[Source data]

(* Let the $\mathbb{C}^*$-action on $\mathbb{P}^n$ be given by $\lambda\cdot[z_0:\dots:z_n]=[\lambda^{a_0}z_0:\dots:\lambda^{a_n}z_n]$ with integers $a_0\leq a_1\leq\dots\leq a_n$, not all equal. Let $X\subset\mathbb{P}^n$ be a smooth connected projective variety invariant under this action (with the induced action), and suppose $X^{\mathbb{C}^*}$ is finite. Let $F_1,\dots,F_r$ be the connected components of $(\mathbb{P}^n)^{\mathbb{C}^*}$, where $F_1$ is the component linearly spanned by the coordinate points $p_0,\dots,p_k$ (so $a_0=\dots=a_k<a_{k+1}$ and $\dim F_1=k$). Then $\#(X\cap F_1)\leq \dim F_1+1$.
   Context: $p_i\in\mathbb{P}^n$ denotes the coordinate point with $1$ in position $i$ and $0$ elsewhere. $(\mathbb{P}^n)^{\mathbb{C}^*}$ and $X^{\mathbb{C}^*}$ denote the sets of points fixed by every $\lambda\in\mathbb{C}^*$; the connected components of $(\mathbb{P}^n)^{\mathbb{C}^*}$ are the linear subspaces spanned by coordinate points with equal weight $a_i$. *)

theory Defs
  imports Complex_Main
begin

text \<open>Projective space P^n is modelled through affine cones: a point of C^(n+1) is a function
  z :: nat => complex with z i = 0 for i > n; a subset of P^n is represented by the set of
  nonzero vectors lying over it.  Polynomials in z_0..z_n are finitely supported coefficient
  functions on exponent vectors (nat => nat), with exponents vanishing beyond n.\<close>

type_synonym cvec = "nat \<Rightarrow> complex"
type_synonym cpoly = "(nat \<Rightarrow> nat) \<Rightarrow> complex"

definition in_coords :: "nat \<Rightarrow> cvec \<Rightarrow> bool" where
  "in_coords n z \<longleftrightarrow> (\<forall>i>n. z i = 0)"
lemma ideal_pow_scaled_into_multiples:
  assumes I: "ideal I R" and s: "s \<in> carrier R" and c: "c \<in> carrier R"
    and scaled: "\<And>x. x \<in> I \<Longrightarrow> \<exists>w \<in> carrier R. s \<otimes> x = c \<otimes> w"
  shows "x \<in> I [^]\<^bsub>ideals_set R\<^esub> (k::nat) \<Longrightarrow> \<exists>w \<in> carrier R. s [^] k \<otimes> x = c [^] k \<otimes> w"
proof (induction k arbitrary: x)
  case 0
  then show ?case by auto
next
  case (Suc k)
  from Suc.prems have "x \<in> (I [^]\<^bsub>ideals_set R\<^esub> k) \<cdot> I" by simp
  then show ?case
  proof (induction x rule: ideal_prod.induct)
    case (prod y z)
    obtain w1 where w1: "w1 \<in> carrier R" "s [^] k \<otimes> y = c [^] k \<otimes> w1"
      using Suc.IH prod(1) by blast
    obtain w2 where w2: "w2 \<in> carrier R" "s \<otimes> z = c \<otimes> w2"
      using scaled prod(2) by blast
    have y: "y \<in> carrier R" and z: "z \<in> carrier R"
      using ideal_pow_carrier[OF I prod(1)] ideal.Icarr[OF I prod(2)] .
    have "s [^] Suc k \<otimes> (y \<otimes> z) = (s [^] k \<otimes> y) \<otimes> (s \<otimes> z)"
      using s y z by (simp add: m_ac)
    also have "\<dots> = c [^] Suc k \<otimes> (w1 \<otimes> w2)"
      unfolding w1(2) w2(2) using c w1(1) w2(1) by (simp add: m_ac)
    finally show ?case using w1(1) w2(1) by blast
  next
    case (sum s1 s2)
    then obtain w1 w2 where w: "w1 \<in> carrier R" "s [^] Suc k \<otimes> s1 = c [^] Suc k \<otimes> w1"
      "w2 \<in> carrier R" "s [^] Suc k \<otimes> s2 = c [^] Suc k \<otimes> w2" by blast
    have "s1 \<in> carrier R" "s2 \<in> carrier R"
      using sum ideal_prod_in_carrier[OF ideal_pow_is_ideal[OF I] I] by blast+
    then have "s [^] Suc k \<otimes> (s1 \<oplus> s2) = s [^] Suc k \<otimes> s1 \<oplus> s [^] Suc k \<otimes> s2"
      using s by (simp add: r_distr del: nat_pow_Suc)
    also have "\<dots> = c [^] Suc k \<otimes> (w1 \<oplus> w2)"
      unfolding w(2,4) using c w(1,3) by (simp add: r_distr del: nat_pow_Suc)
    finally show ?case using w(1,3) by blast
  qed
qed

end

section \<open>Prime ideals of the ring of integers\<close>

lemma quad_ring_simps [simp]:
  "carrier (quad_ring m) = quad_ints m"
  "x \<otimes>\<^bsub>quad_ring m\<^esub> y = x * y"
  "x \<oplus>\<^bsub>quad_ring m\<^esub> y = x + y"
  "\<zero>\<^bsub>quad_ring m\<^esub> = 0"
  "\<one>\<^bsub>quad_ring m\<^esub> = 1"
  by (simp_all add: quad_ring_def)

lemma quad_ring_nat_pow [simp]: "x [^]\<^bsub>quad_ring m\<^esub> (k::nat) = x ^ k"
  by (induction k) simp_all

text \<open>If \<open>p\<close> divides \<open>N(r + \<omega>)\<close>, \<open>root_ideal m p r\<close> is the kernel of \<open>u + v\<omega> \<mapsto> u - r v mod p\<close>;
  if \<open>p\<close> divides no \<open>N(r + \<omega>)\<close>, then \<open>p\<close> is inert and \<open>int_multiples m p = p\<O>\<close> is prime.\<close>

definition root_ideal :: "nat \<Rightarrow> int \<Rightarrow> int \<Rightarrow> complex set" where
  "root_ideal m p r = {of_int u + of_int v * omega m | u v. p dvd u - r * v}"

definition int_multiples :: "nat \<Rightarrow> int \<Rightarrow> complex set" where
  "int_multiples m p = (\<lambda>w. of_int p * w) ` Z_omega m"

locale quad_integers =
  fixes m :: nat
  assumes m_pos: "m > 0" and squarefree_m: "squarefree m"
begin

lemma quad_ints_eq [simp]: "quad_ints m = Z_omega m"
  using quad_ints_eq_Z_omega[OF squarefree_m] .

sublocale cring "quad_ring m"
proof (rule cringI)
  show "abelian_group (quad_ring m)"
  proof (rule abelian_groupI)
    fix x assume "x \<in> carrier (quad_ring m)"
    then show "\<exists>y\<in>carrier (quad_ring m). y \<oplus>\<^bsub>quad_ring m\<^esub> x = \<zero>\<^bsub>quad_ring m\<^esub>"
      by (intro bexI[of _ "- x"]) auto
  qed auto
  show "comm_monoid (quad_ring m)"
    by (rule comm_monoidI) auto
qed (simp add: algebra_simps)

lemma a_inv_quad_ring: "x \<in> Z_omega m \<Longrightarrow> \<ominus>\<^bsub>quad_ring m\<^esub> x = - x"
  by (rule minus_equality) auto

lemma ideal_quad_ringI:
  assumes "I \<subseteq> Z_omega m" "0 \<in> I"
    and add: "\<And>x y. x \<in> I \<Longrightarrow> y \<in> I \<Longrightarrow> x + y \<in> I"
    and uminus: "\<And>x. x \<in> I \<Longrightarrow> - x \<in> I"
    and absorb: "\<And>x y. x \<in> I \<Longrightarrow> y \<in> Z_omega m \<Longrightarrow> y * x \<in> I"
  shows "ideal I (quad_ring m)"
proof (rule idealI)
  show "ring (quad_ring m)" ..
  show "subgroup I (add_monoid (quad_ring m))"
  proof
    fix x assume "x \<in> I"
    moreover have "inv\<^bsub>add_monoid (quad_ring m)\<^esub> x = \<ominus>\<^bsub>quad_ring m\<^esub> x"
      by (simp add: a_inv_def)
    ultimately show "inv\<^bsub>add_monoid (quad_ring m)\<^esub> x \<in> I"
      using a_inv_quad_ring assms(1) uminus by auto
  qed (use assms in auto)
qed (use absorb in \<open>auto simp: mult.commute\<close>)

lemma primeideal_quad_ringI:
  assumes "ideal I (quad_ring m)" "1 \<notin> I"
    and "\<And>a b. a \<in> Z_omega m \<Longrightarrow> b \<in> Z_omega m \<Longrightarrow> a * b \<in> I \<Longrightarrow> a \<in> I \<or> b \<in> I"
  shows "primeideal I (quad_ring m)"
  by (rule primeidealI) (use assms in \<open>auto simp: is_cring\<close>)

lemma root_ideal_iff: "of_int u + of_int v * omega m \<in> root_ideal m p r \<longleftrightarrow> p dvd u - r * v"
  unfolding root_ideal_def using Z_omega_coords_unique[OF m_pos] by blast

DESCRIPTION OF THE TASK:
Which lines run from the one holding "proof (induction k arbitrary: x)" through the one holding "obtain w2 where" in the records above? Repeat them exactly, both included, and nothing more.

ANSWER FOR THIS EXERCISE:
proof (induction k arbitrary: x)
  case 0
  then show ?case by auto
next
  case (Suc k)
  from Suc.prems have "x \<in> (I [^]\<^bsub>ideals_set R\<^esub> k) \<cdot> I" by simp
  then show ?case
  proof (induction x rule: ideal_prod.induct)
    case (prod y z)
    obtain w1 where w1: "w1 \<in> carrier R" "s [^] k \<otimes> y = c [^] k \<otimes> w1"
      using Suc.IH prod(1) by blast
    obtain w2 where w2: "w2 \<in> carrier R" "s \<otimes> z = c \<otimes> w2"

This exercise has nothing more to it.